While I did manage to deter paying customers from a restaurant after being shown to a table next to mine.... at 1pm.... and befriend some lovely girls enough to hang around at their place of work while they began their shift.....at 1am... I can promise you that there was someone. somewhere. that was more of a spectacle than I was.
As much as I would have liked to document these animalistic examples, as proof that there are humans that are sub- to my sub-human, that would be of no benefit to anyone but myself so I held back.
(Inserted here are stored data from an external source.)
text \<open>Rescaling the Cayley transform by r < 1 makes the orbit sum smaller (by the factors r^n),
  while the orbit integral of the correspondingly transformed vector converges.\<close>

lemma orbit_integral_le_orbit_sum: "orbit_integral f y \<le> orbit_sum f y"
proof -
  define \<rho> where "\<rho> k = inverse (real (Suc (Suc k)))" for k
  define A' where "A' k = rescaled_generator (1 - \<rho> k)" for k
  define y' where "y' k = resolvent y - A' k (resolvent y)" for k
  have \<rho>_pos: "0 < \<rho> k" for k
    by (simp add: \<rho>_def)
  have \<rho>_lt: "\<rho> k < 1" for k
    unfolding \<rho>_def by (rule inverse_less_1_iff[THEN iffD2, OF disjI2]) simp
  have \<rho>_lim: "\<rho> \<longlonglongrightarrow> 0"
    unfolding \<rho>_def by (rule LIMSEQ_Suc[OF LIMSEQ_inverse_real_of_nat])
  have r: "0 \<le> 1 - \<rho> k" "1 - \<rho> k < 1" for k
    using \<rho>_pos[of k] \<rho>_lt[of k] by auto
  have gen: "diagonal_generator e c C (A' k) (\<lambda>j. cayley (complex_of_real (1 - \<rho> k) * cayley (lam j)))" for k
    unfolding A'_def by (rule rescaled_generator[OF r])
  show ?thesis
    unfolding orbit_integral_def orbit_sum_def
  proof (rule nn_integral_le_by_approximation[where
        u="\<lambda>k t. ennreal ((cmod (cinner f (exp_op t (A' k) (y' k))))\<^sup>2)"
        and v="\<lambda>k n. ennreal ((cmod (cinner f (diagonal_generator.cayley_orbit (A' k) n (y' k))))\<^sup>2)"])
    show "(\<lambda>t. ennreal ((cmod (cinner f (exp_op t (A' k) (y' k))))\<^sup>2)) \<in> borel_measurable (restrict_space lborel {0..})" for k
    proof -
      have [measurable]: "(\<lambda>t. cinner f (exp_op t (A' k) (y' k))) \<in> borel_measurable borel"
        by (rule diagonal_generator.measurable_cinner_exp_op[OF gen])
      show ?thesis by (intro measurable_restrict_space1) simp
    qed
    show "(\<lambda>k. ennreal ((cmod (cinner f (exp_op t (A' k) (y' k))))\<^sup>2)) \<longlonglongrightarrow> ennreal ((cmod (cinner f (exp_op t A y)))\<^sup>2)"
      if "t \<in> space (restrict_space lborel {0..})" for t
      using tendsto_exp_op_rescaled[OF \<rho>_lim \<rho>_pos \<rho>_lt, of t y] that
      unfolding A'_def y'_def by (intro tendsto_ennrealI tendsto_intros tendsto_cinner_right) simp
    show "(\<integral>\<^sup>+t. ennreal ((cmod (cinner f (exp_op t (A' k) (y' k))))\<^sup>2) \<partial>restrict_space lborel {0..})
        = (\<integral>\<^sup>+n. ennreal ((cmod (cinner f (diagonal_generator.cayley_orbit (A' k) n (y' k))))\<^sup>2) \<partial>count_space UNIV)" for k
    proof -
      have "0 < (1 - (1 - \<rho> k)\<^sup>2) / 4"
        using r[of k] \<rho>_pos[of k] by (simp add: power_less_one_iff abs_square_less_1)
      from diagonal_generator.orbit_integral_eq_orbit_sum_uniform[OF gen this Re_rescaled_eigenvalue_ge[OF r]]
      show ?thesis
        by (simp add: diagonal_generator.orbit_integral_def[OF gen] diagonal_generator.orbit_sum_def[OF gen])
    qed
    show "ennreal ((cmod (cinner f (diagonal_generator.cayley_orbit (A' k) n (y' k))))\<^sup>2)
        \<le> ennreal ((cmod (cinner f (cayley_orbit n y)))\<^sup>2)" for k n
    proof -
      have "cmod (cinner f (diagonal_generator.cayley_orbit (A' k) n (y' k))) = (1 - \<rho> k) ^ n * cmod (cinner f (cayley_orbit n y))"
        using r[of k] unfolding A'_def y'_def cayley_orbit_rescaled[OF r]
        by (simp add: cinner_scaleR_right norm_scaleR)
      also have "\<dots> \<le> cmod (cinner f (cayley_orbit n y))"
        using r[of k] by (intro mult_left_le_one_le power_le_one) auto
      finally show ?thesis by (intro ennreal_leI power_mono) auto
    qed
  qed
qed

lemma orbit_integral_eq_orbit_sum: "orbit_integral f y = orbit_sum f y"
  using orbit_integral_le_orbit_sum orbit_sum_le_orbit_integral by (rule antisym)

end

section \<open>The frame characterisation\<close>

lemma nn_integral_count_space_prod:
  "(\<integral>\<^sup>+ i. (\<integral>\<^sup>+ n. G (i, n) \<partial>count_space UNIV) \<partial>count_space I)
   = (\<integral>\<^sup>+ k. G k \<partial>count_space (I \<times> (UNIV :: 'b set)))"
proof -
  have "(\<integral>\<^sup>+ i. (\<integral>\<^sup>+ n. G (i, n) \<partial>count_space UNIV) \<partial>count_space I)
      = (\<integral>\<^sup>+ i. (\<integral>\<^sup>+ n. G (i, n) \<partial>count_space UNIV) * indicator I i \<partial>count_space UNIV)"
    by (rule nn_integral_count_space_indicator) simp
  also have "\<dots> = (\<integral>\<^sup>+ i. (\<integral>\<^sup>+ (n::'b). G (i, n) * indicator (I \<times> UNIV) (i, n) \<partial>count_space UNIV) \<partial>count_space UNIV)"
    by (intro nn_integral_cong) (simp add: nn_integral_multc[symmetric] indicator_def)
  also have "\<dots> = (\<integral>\<^sup>+ k. G k * indicator (I \<times> UNIV) k \<partial>count_space UNIV)"
    by (rule nn_integral_fst_count_space)
  also have "\<dots> = (\<integral>\<^sup>+ k. G k \<partial>count_space (I \<times> (UNIV :: 'b set)))"
    by (rule nn_integral_count_space_indicator[symmetric]) simp
  finally show ?thesis .
qed

theorem mainTheorem10:
  fixes A :: "'h::{chilbert_space, second_countable_topology} \<Rightarrow> 'h"
    and e :: "'j \<Rightarrow> 'h" and lam :: "'j \<Rightarrow> complex"
    and I :: "'i set" and g :: "'i \<Rightarrow> 'h"
  assumes "bounded_clinear A"
    and "riesz_basis e"
    and "\<And>j. A (e j) = (- lam j) *\<^sub>C e j"
    and "\<And>j. Re (lam j) > 0"
    and "countable I"
  shows "semi_continuous_frame A g I {0..} \<longleftrightarrow>
    (let R = inv (\<lambda>x. x - A x);
         a = (\<lambda>i. sqrt 2 *\<^sub>R R (g i));
         B = (\<lambda>x. R x + A (R x))
     in is_frame (\<lambda>(i, n). (B ^^ n) (a i)) (I \<times> (UNIV :: nat set)))"
proof -
  obtain c C where rb: "riesz_bounds e c C"
    using riesz_basis_imp_riesz_bounds[OF assms(2)] by blast
  interpret diagonal_generator e c C A lam
    using rb assms(1,3,4)
    by (intro diagonal_generator.intro diagonal_generator_axioms.intro) (simp_all add: riesz_bounds.diagonal_def)
  have "(\<integral>\<^sup>+ i. orbit_integral f (g i) \<partial>count_space I)
      = (\<integral>\<^sup>+ k. ennreal ((cmod (cinner f ((\<lambda>(i, n). (cayley_op ^^ n) (sqrt 2 *\<^sub>R resolvent (g i))) k)))\<^sup>2)
          \<partial>count_space (I \<times> (UNIV :: nat set)))" for f
    unfolding orbit_integral_eq_orbit_sum orbit_sum_def cayley_orbit_def
    using nn_integral_count_space_prod[where G="\<lambda>k. ennreal ((cmod (cinner f
      ((\<lambda>(i, n). (cayley_op ^^ n) (sqrt 2 *\<^sub>R resolvent (g i))) k)))\<^sup>2)" and I=I] by simp
  then show ?thesis
    using assms(5)
    unfolding Let_def semi_continuous_frame_def is_frame_def orbit_integral_eq_set_nn_integral
      resolvent_def[symmetric] cayley_op_def[symmetric]
    by simp
qed

end
lemma cmod_add_sq_le: "(cmod (a + b))\<^sup>2 \<le> 2 * (cmod a)\<^sup>2 + 2 * (cmod b)\<^sup>2"
proof -
  have "(cmod (a + b))\<^sup>2 \<le> (cmod a + cmod b)\<^sup>2"
    by (simp add: power_mono norm_triangle_ineq)
  also have "\<dots> \<le> 2 * (cmod a)\<^sup>2 + 2 * (cmod b)\<^sup>2"
    using zero_le_power2[of "cmod a - cmod b"] by (simp add: power2_eq_square algebra_simps)
  finally show ?thesis .
qed

lemma L2_lin: assumes "f \<in> L2 X" "g \<in> L2 X" shows "(\<lambda>x. a * f x + g x) \<in> L2 X"
proof -
  have bound: "(\<lambda>x. 2 * (cmod a)\<^sup>2 * (cmod (f x))\<^sup>2 + 2 * (cmod (g x))\<^sup>2) summable_on X"
    by (intro summable_on_add summable_on_cmult_right L2_summable assms)
  have "(\<lambda>x. (cmod (a * f x + g x))\<^sup>2) summable_on X"
  proof (rule summable_on_comparison_test[OF bound])
    fix x
    show "(cmod (a * f x + g x))\<^sup>2 \<le> 2 * (cmod a)\<^sup>2 * (cmod (f x))\<^sup>2 + 2 * (cmod (g x))\<^sup>2"
      using cmod_add_sq_le[of "a * f x" "g x"] by (simp add: norm_mult power_mult_distrib)
  qed auto
  thus ?thesis using assms by (auto simp: L2_def)
qed

lemma l2norm_nonneg: "0 \<le> l2norm X f"
  by (simp add: l2norm_def infsum_nonneg)

lemma norm_le_l2norm: assumes "h \<in> L2 X" shows "cmod (h y) \<le> l2norm X h"
proof (cases "y \<in> X")
  case False thus ?thesis using assms L2_vanishes l2norm_nonneg by fastforce
next
  case True
  have "infsum (\<lambda>x. (cmod (h x))\<^sup>2) {y} \<le> infsum (\<lambda>x. (cmod (h x))\<^sup>2) X"
    by (rule infsum_mono_neutral) (use True L2_summable[OF assms] in auto)
  hence "(cmod (h y))\<^sup>2 \<le> infsum (\<lambda>x. (cmod (h x))\<^sup>2) X" by simp
  thus ?thesis unfolding l2norm_def by (rule real_le_rsqrt)
qed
Believe it or not, there was plenty to distract me from the lions and tigers and bears by looking just past Bourbon Street and it's rose-colored Hurricanes. Take this super-mom and her two-toned bun for example. Not only are her pants as spacey as most of Canal St. on the reg, but the fashionistas next to her could give the entire Jolie-Pitt-Holmes-Cruise-Knowles-Carter-etc-etc. clans a run for their money
Clearly I was going for loud statements that weekend as they were much easier to recognize in the mindset I was in than subtle beauty, which brings us to our next group of subjects. While all the hair was mesmerizing the first time I found it at the French Market that day; it was was even more so when I saw the same hair destroying the trumpet at a club the French Quarter later that night.
As I have come to find out, average Joe's and basic bitches will not fare well in Nola. Let your weirdness shine without no inhibitions and remember, there is always someone weirder.